Dear end of summer,
I know you're not here yet, not quite. Today, there was a family celebration held under a spreading catalpa tree, with blankets on the grass and food under the patio shelter and everyone lingering despite the fact that it was noon, and then past noon. There was an afternoon catnap at five. There was an ice cream social in our friends' back yard, with children's ice cream cones melting in their hands and everyone chatting as the sun went down, the trees marking our horizon glittering with the falling light, the air cooling, the party lights coming on. Summer. We're still in it.

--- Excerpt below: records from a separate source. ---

(* For every set of centers $c^1,\dots,c^k\in\mathbb{R}^d$ and every $\delta\in(0,1)$, the threshold tree $\mathcal{T}$ output by the Threshold Tree Construction algorithm described in the context satisfies $\mathbf{E}[N(\mathcal{T})]\le(1+\delta)k$, where $N(\mathcal{T})$ is the number of leaves of $\mathcal{T}$.
   Context: Threshold tree: rooted binary tree of cells of $\mathbb{R}^d$, root $=\mathbb{R}^d$; an internal node $u$ split by cut $(i,\xi)$ has children $u_{left}=\{y\in u:y_i\le\xi\}$, $u_{right}=\{y\in u: y_i>\xi\}$. A median of a finite nonempty set $S\subset\mathbb{R}^d$ is a point $m$ such that for every coordinate $i$ each of $\{c\in S:c_i<m_i\}$ and $\{c\in S: c_i>m_i\}$ has at most $|S|/2$ elements. Algorithm (input $C=\{c^1,\dots,c^k\}$, $\delta$): set $\varepsilon=\min\{\delta/(15\ln k),1/320\}$. Start with $\mathcal{T}_1$ consisting of a root $r$ with assigned center set $C_r=C$. For $t=1,2,\dots$, while some leaf of $\mathcal{T}_t$ has at least two centers assigned: sample independently $i_t$ uniform in $\{1,\dots,d\}$, $\theta_t$ uniform in $(0,1)$, $\sigma_t$ uniform in $\{\pm1\}$; for every leaf $u$ of $\mathcal{T}_t$ with $|C_u|\ge2$ apply Divide-and-Share with $(i,\theta,\sigma)=(i_t,\theta_t,\sigma_t)$; the resulting tree is $\mathcal{T}_{t+1}$. Divide-and-Share on $u$: let $m^u$ be a median of $C_u$, $R_u=\max_{c\in C_u}\|c-m^u\|_2$, $Left=\{c\in C_u: c_i\le m^u_i+(\sigma+\varepsilon)\sqrt{\theta}R_u\}$, $Right=\{c\in C_u: c_i\ge m^u_i+(\sigma-\varepsilon)\sqrt\theta R_u\}$. If both are nonempty, split $u$ by the cut $(i,\,m^u_i+\sigma\sqrt\theta R_u)$ and assign $Left$ to $u_{left}$ and $Right$ to $u_{right}$; otherwise leave $u$ unchanged. The output $\mathcal{T}$ is the final tree. *)

theory Defs
  imports "HOL-Probability.Probability"
begin

text \<open>A leaf carries the set of centers assigned to it;
  an internal node carries its cut (i, xi): the left child is the part of
  the cell with y_i <= xi, the right child the part with y_i > xi.
  The root cell is the whole space.\<close>
datatype ('i, 'p) ttree =
    Leaf "'p set"
  | Node 'i real "('i, 'p) ttree" "('i, 'p) ttree"

fun num_leaves :: "('i, 'p) ttree \<Rightarrow> nat" where
  "num_leaves (Leaf _) = 1"
| "num_leaves (Node _ _ l r) = num_leaves l + num_leaves r"

definition is_median :: "(real^'d) set \<Rightarrow> real^'d \<Rightarrow> bool" where
  "is_median S m \<longleftrightarrow>
     (\<forall>i. real (card {c\<in>S. c$i < m$i}) \<le> real (card S) / 2 \<and>
          real (card {c\<in>S. c$i > m$i}) \<le> real (card S) / 2)"

definition alg_eps :: "real \<Rightarrow> nat \<Rightarrow> real" where
  "alg_eps \<delta> k = min (\<delta> / (15 * ln (real k))) (1/320)"

definition divide_share ::
  "((real^'d) set \<Rightarrow> real^'d) \<Rightarrow> real \<Rightarrow> 'd \<Rightarrow> real \<Rightarrow> real \<Rightarrow> (real^'d) set
     \<Rightarrow> ('d, real^'d) ttree" where
  "divide_share med eps i \<theta> \<sigma> Cu =
     (let m = med Cu;
          R = Max ((\<lambda>c. norm (c - m)) ` Cu);
          L = {c\<in>Cu. c$i \<le> m$i + (\<sigma> + eps) * sqrt \<theta> * R};
          Rt = {c\<in>Cu. c$i \<ge> m$i + (\<sigma> - eps) * sqrt \<theta> * R}
      in if L \<noteq> {} \<and> Rt \<noteq> {}
         then Node i (m$i + \<sigma> * sqrt \<theta> * R) (Leaf L) (Leaf Rt)
         else Leaf Cu)"

fun alg_round ::
  "((real^'d) set \<Rightarrow> real^'d) \<Rightarrow> real \<Rightarrow> 'd \<times> real \<times> real
     \<Rightarrow> ('d, real^'d) ttree \<Rightarrow> ('d, real^'d) ttree" where
  "alg_round med eps (i, \<theta>, \<sigma>) (Leaf Cu) =
     (if card Cu \<ge> 2 then divide_share med eps i \<theta> \<sigma> Cu else Leaf Cu)"
| "alg_round med eps x (Node j \<xi> l r) =
     Node j \<xi> (alg_round med eps x l) (alg_round med eps x r)"
(* Let $E,A\in\mathbb{R}^{n\times n}$ with $A$ nonsingular, and let $C$ be any matrix with $n$ columns such that for all $x\in\mathbb{R}^n$, $x\in\mathcal{C}(E,A)$ if and only if $Cx=0$. A symmetric matrix $P$ is a Lyapunov matrix for $(E,A)$ if and only if there exist scalars $\kappa_1,\kappa_2\ge 0$ such that $$P+\kappa_1C^TC>0,\qquad PA^{-1}E+E^TA^{-T}P-\kappa_2C^TC<0.$$
   Context: For $E,A\in\mathbb{R}^{n\times n}$ with $A$ nonsingular, $(E,A)$ denotes the linear descriptor system $E\dot x=Ax$. Its index is the smallest integer $k^*\ge 0$ with $\mathrm{Im}((A^{-1}E)^{k^*+1})=\mathrm{Im}((A^{-1}E)^{k^*})$, and its consistency space is $\mathcal{C}(E,A)=\mathrm{Im}((A^{-1}E)^{k^*})$. If $\mathcal{C}\neq\{0\}$, $A^{-1}E$ maps $\mathcal{C}$ bijectively onto itself; with $\tilde A$ the inverse of its restriction to $\mathcal{C}$, the system on $\mathcal{C}$ is equivalent to $\dot x=\tilde A x$. A symmetric matrix $P$ is a Lyapunov matrix for $(E,A)$ if $V(x)=x^TPx$ is positive on $\mathcal{C}\setminus\{0\}$ and its derivative along solutions, $\dot V=2x^TP\tilde A x$, is negative at every nonzero $x\in\mathcal{C}$. Inequalities $M>0$ ($M<0$) for symmetric $M$ mean positive (negative) definite. *)

theory Defs
  imports "HOL-Analysis.Analysis"
begin

definition AinvE :: "real^'n^'n \<Rightarrow> real^'n^'n \<Rightarrow> real^'n^'n" where
  "AinvE E A = matrix_inv A ** E"

definition mat_pow_image :: "real^'n^'n \<Rightarrow> nat \<Rightarrow> (real^'n) set" where
  "mat_pow_image M k = range (((*v) M) ^^ k)"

I suppose, though, that the relevant fact of August means that we must look out for you, as inexorable as the weeks passing, the now noticeable every day minutes-earlier sunset, the way that even the warmest afternoons now predict that they are numbered. That soon enough, we'll be remembering them, coming home from work at dusk, snugging up inside as the evenings get cold.
A friend noted, recently, that summer had gone by too quickly, which she could tell by the fact that they hadn't even finished one jar of mayonnaise. I replied It's not over yet! And I meant it, and mean it now. It's not over, but over it will be, and soon enough. And the fact of its immanent end adds sweetness to every last moment: to the ceiling fan ticking over our sleep. To the flowers that have sturdied and kept blooming in the yard even under the sternest sun. To our evening walks with the dog. To our plans, and how they seem so much more finite now. To the harvest which has not yet reached its peak, though soon enough it will.
End of summer, I hope you will keep your coming steady. I hope you will not rush. Be gentle, end of summer. I want to mark, record, enjoy every moment still left.